Ad un altro generale, Massena, fu dato ordine di intervenire anch’egli per la riconquista cosentina. L’8 luglio Messena bruciò lauria ed il 14 arrivò a Cosenza. La città fu risparmata perché aveva curato i soldati francesi, ma sino a gennaio dell’anno successivo furono condannati a morte almeno 344 insorti. Contemporaneamente furono bruciati tutti i paesi che aiutavano i briganti, non accettando il nuovo ordine costituito. Sul Tirreno cosentino la capitale dei rivoltosi fu Amantea dove gli arresti degli insorti continuarono almeno sino al 1811.

Nel Casali cosentini altre rivolte si registrarono a partire dal 4 maggio 1807 a Serra Pedace che fu incendiata dalle truppe francesi, ma anche a Soveria, Longobardi Amantea e FIumefreddo. A contrastare l’esercito napoleonico nel Cosentino il brigante “Franca Trippa”, Giacomo Pisano per l’anagrafe pedacese, che il 17 luglio 1807 poteva contare su un esercito di 600 soldati, mettendo in difficoltà sia l’esercito francese ma anche quello di Nicola Gualtieri che, fin 13 luglio, era riuscito a tenere in ordine Cosenza e la sua Provincia.

Per quanto riguarda il Crotonese, nel Marchesato, anche questo territorio fu scenario di scontri. Gustavo Valente, nel saggio “Dal Viceregno spagnolo all’Unità d’Italia” inserito nel volume “Crotone: storia, cultura ed economia” (Rubettino 1992), osserva che le truppe francesi dovettero occupare con la violenza la Città pitagorica con il generale Reyneir che avrebbe voluto abbattere le mura della città. “Per fortuna – osserva lo Storico – allora,  quella mortificazione urbana fu evitata, stante l’impossibilità economica di far fronte alle spese che dovevano essere a suo carico”.                                                          

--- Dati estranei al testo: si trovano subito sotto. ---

lemma sym_subgroup_sym_group_subset:
  assumes alt: "carrier (alt_group n) \<subseteq> H" and k: "k \<in> H" "\<not> evenperm k"
  shows "carrier (sym_group n) \<subseteq> H"
proof
  fix g assume g: "g \<in> carrier (sym_group n)"
  have k_perm: "k permutes {1..n}"
    using subgroup.mem_carrier[OF H k(1)] by (simp add: sym_group_carrier)
  have g_perm: "g permutes {1..n}"
    using g by (simp add: sym_group_carrier)
  show "g \<in> H"
  proof (cases "evenperm g")
    case True
    then show ?thesis
      using alt g_perm by (auto simp: alt_group_carrier)
  next
    case False
    have perms: "permutation k" "permutation g"
      using k_perm g_perm by (auto intro: permutes_imp_permutation)
    have "inv' k \<circ> g permutes {1..n}"
      using g_perm permutes_inv[OF k_perm] by (rule permutes_compose)
    moreover have "evenperm (inv' k \<circ> g)"
      using False k(2) perms by (simp add: evenperm_comp evenperm_inv permutation_inverse)
    ultimately have "inv' k \<circ> g \<in> H"
      using alt by (auto simp: alt_group_carrier)
    then have "k \<circ> (inv' k \<circ> g) \<in> H"
      using sym_subgroup_comp_closed[OF k(1)] by blast
    then show ?thesis
      using permutes_inv_o(1)[OF k_perm] by (simp add: o_assoc)
  qed
qed

lemma consecutive_three_cycle_shift_in_subgroup:
  assumes s: "std_cycle n \<in> H" and m: "1 \<le> m" "m + 3 \<le> n"
  shows "cycle_of_list [m, m + 1, m + 2] \<in> H \<longleftrightarrow> cycle_of_list [Suc m, Suc m + 1, Suc m + 2] \<in> H"
proof
  have "std_cycle n i = Suc i" if "1 \<le> i" "i < n" for i
    using that by (simp add: std_cycle_def)
  then have shift: "map (std_cycle n) [m, m + 1, m + 2] = [Suc m, Suc m + 1, Suc m + 2]"
    using m by simp
  show "cycle_of_list [Suc m, Suc m + 1, Suc m + 2] \<in> H" if "cycle_of_list [m, m + 1, m + 2] \<in> H"
    using sym_subgroup_conj_cycle_closed[OF s _ that] shift by simp
  have "map (inv' (std_cycle n)) [Suc m, Suc m + 1, Suc m + 2] = [m, m + 1, m + 2]"
    unfolding shift[symmetric] using permutes_inverses(2)[OF std_cycle_permutes] by simp
  then show "cycle_of_list [m, m + 1, m + 2] \<in> H" if "cycle_of_list [Suc m, Suc m + 1, Suc m + 2] \<in> H"
    using sym_subgroup_conj_cycle_closed[OF sym_subgroup_inv_closed[OF s] _ that] by simp
qed

lemma consecutive_three_cycles_in_subgroup:
  assumes s: "std_cycle n \<in> H"
    and j: "1 \<le> j" "j + 2 \<le> n" "cycle_of_list [j, j + 1, j + 2] \<in> H"
    and i: "1 \<le> i" "i + 2 \<le> n"
  shows "cycle_of_list [i, i + 1, i + 2] \<in> H"
proof -
  have below: "cycle_of_list [m, m + 1, m + 2] \<in> H" if m: "1 \<le> m" "m \<le> j" for m
    using m(2)
  proof (induction rule: inc_induct)
    case (step k)
    then show ?case
      using consecutive_three_cycle_shift_in_subgroup[OF s, of k] m(1) j(2) by simp
  qed (rule j(3))
  show ?thesis
    using i(1)
  proof (induction rule: dec_induct)
    case base
    then show ?case
      using below[of 1] j(1) by simp
  next
    case (step k)
    then show ?case
      using consecutive_three_cycle_shift_in_subgroup[OF s, of k] i(2) by simp
  qed
qed

(* The results below also hold for n = 4, but the step from (1 2 3) to (1 2 4) conjugates by (3 4 5). *)
context
  assumes n: "n \<noteq> 4"
    and consecutive: "\<And>i. 1 \<le> i \<Longrightarrow> i + 2 \<le> n \<Longrightarrow> cycle_of_list [i, i + 1, i + 2] \<in> H"
begin

lemma three_cycle_1_2_in_subgroup:
  assumes "3 \<le> k" "k \<le> n"
  shows "cycle_of_list [1, 2, k] \<in> H"
  using assms
proof (induction k rule: nat_induct_at_least)
  case base
  then show ?case
    using consecutive[of 1] by (simp add: numeral_eq_Suc)
next
  case (Suc k)
  have IH: "cycle_of_list [1, 2, k] \<in> H"
    using Suc.IH Suc.prems by simp
  show ?case
  proof (cases "k = 3")
    case True
    then have "5 \<le> n"
      using Suc n by simp
    have "map (cycle_of_list [3, 4, 5]) [1, 2, k] = [1, 2, Suc k]"
      using True by (simp add: cycle_of_list3_apply)
    then show ?thesis
      using sym_subgroup_conj_cycle_closed[OF consecutive[of 3] _ IH] \<open>5 \<le> n\<close> True by simp
  next
    case False
    define m where "m = k - 1"
    have k: "k = Suc m" "3 \<le> m"
      using False Suc.hyps unfolding m_def by auto
    have "distinct [m, m + 1, m + 2]"
      by simp
    then have "map (cycle_of_list [m, m + 1, m + 2]) [1, 2, k] = [1, 2, Suc k]"
      using k by (simp add: cycle_of_list3_apply)
    then show ?thesis
      using sym_subgroup_conj_cycle_closed[OF consecutive[of m] _ IH] k Suc.prems by simp
  qed
qed

lemma three_cycle_1_in_subgroup:
  assumes xy: "distinct [1, x, y]" "x \<in> {1..n}" "y \<in> {1..n}"
  shows "cycle_of_list [1, x, y] \<in> H"
proof -
  have cycle_1_2: "cycle_of_list [1, z, 2] \<in> H" if "distinct [1, z, 2]" "z \<in> {1..n}" for z
  proof -
    have "cycle_of_list [1, z, 2] = cycle_of_list [1, 2, z] \<circ> cycle_of_list [1, 2, z]"
      using cycle_of_list3_square[of 1 2 z] that(1) by auto
    moreover have "cycle_of_list [1, 2, z] \<in> H"
      using three_cycle_1_2_in_subgroup that by simp
    ultimately show ?thesis
      using sym_subgroup_comp_closed by simp
  qed
  consider "x = 2" | "y = 2" | "x \<noteq> 2" "y \<noteq> 2"
    by blast
  then show ?thesis
  proof cases
    case 1
    then show ?thesis
      using three_cycle_1_2_in_subgroup[of y] xy by simp
  next
    case 2
    then show ?thesis
      using cycle_1_2[of x] xy by simp
  next
    case 3
    have "cycle_of_list [1, x, y] = cycle_of_list [1, 2, y] \<circ> cycle_of_list [1, x, 2]"
      using cycle_of_list3_comp_shared_pair[of 1 2 x y] xy 3 by simp
    moreover have "cycle_of_list [1, 2, y] \<in> H"
      using three_cycle_1_2_in_subgroup[of y] xy 3 by simp
    ultimately show ?thesis
      using cycle_1_2[of x] xy 3 sym_subgroup_comp_closed by simp
  qed
qed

Fonti storiche attestano che il territorio crotonese, già dalla fine del XVIII secolo aveva registrato la presenza delle cosiddette “Truppe di Massa “costruite da Pedacesi, Caccuresi, Sangiovannesi che infestavano le campagne unitamente ad altre squadre provenienti da Grimaldi, da Savelli e da Vico d’Aprigliano. Aggiunge, quindi Valente che “Il Marchesato intero restava sotto la minaccia permanente di bande numerose e crescenti che organizzate in luoghi anche lontani, giungevano all’improvviso anche nei punti più impensabili”.

Fra la fine del 1806 e gli inizi del 1808, dopo aver attaccato Crotone, “Franca Trippa” raggiunse dapprima Scandale e San Mauro Marchesato. il 16 gennaio 1807 arrivò a San Nicola dell’ Alto e, quindi, a San Giovanni In fiore dove, però, venne sconfitto dalle truppe napoleoniche. Nello stesso periodo si registrò, ancora in provincia di Cosenza, l’incendio di Parenti da parte dei soldati francesi ed i suoi reduci trovarono riparo nelle montagne policastrese dove sarebbe sorta la frazione di Pagliarelle.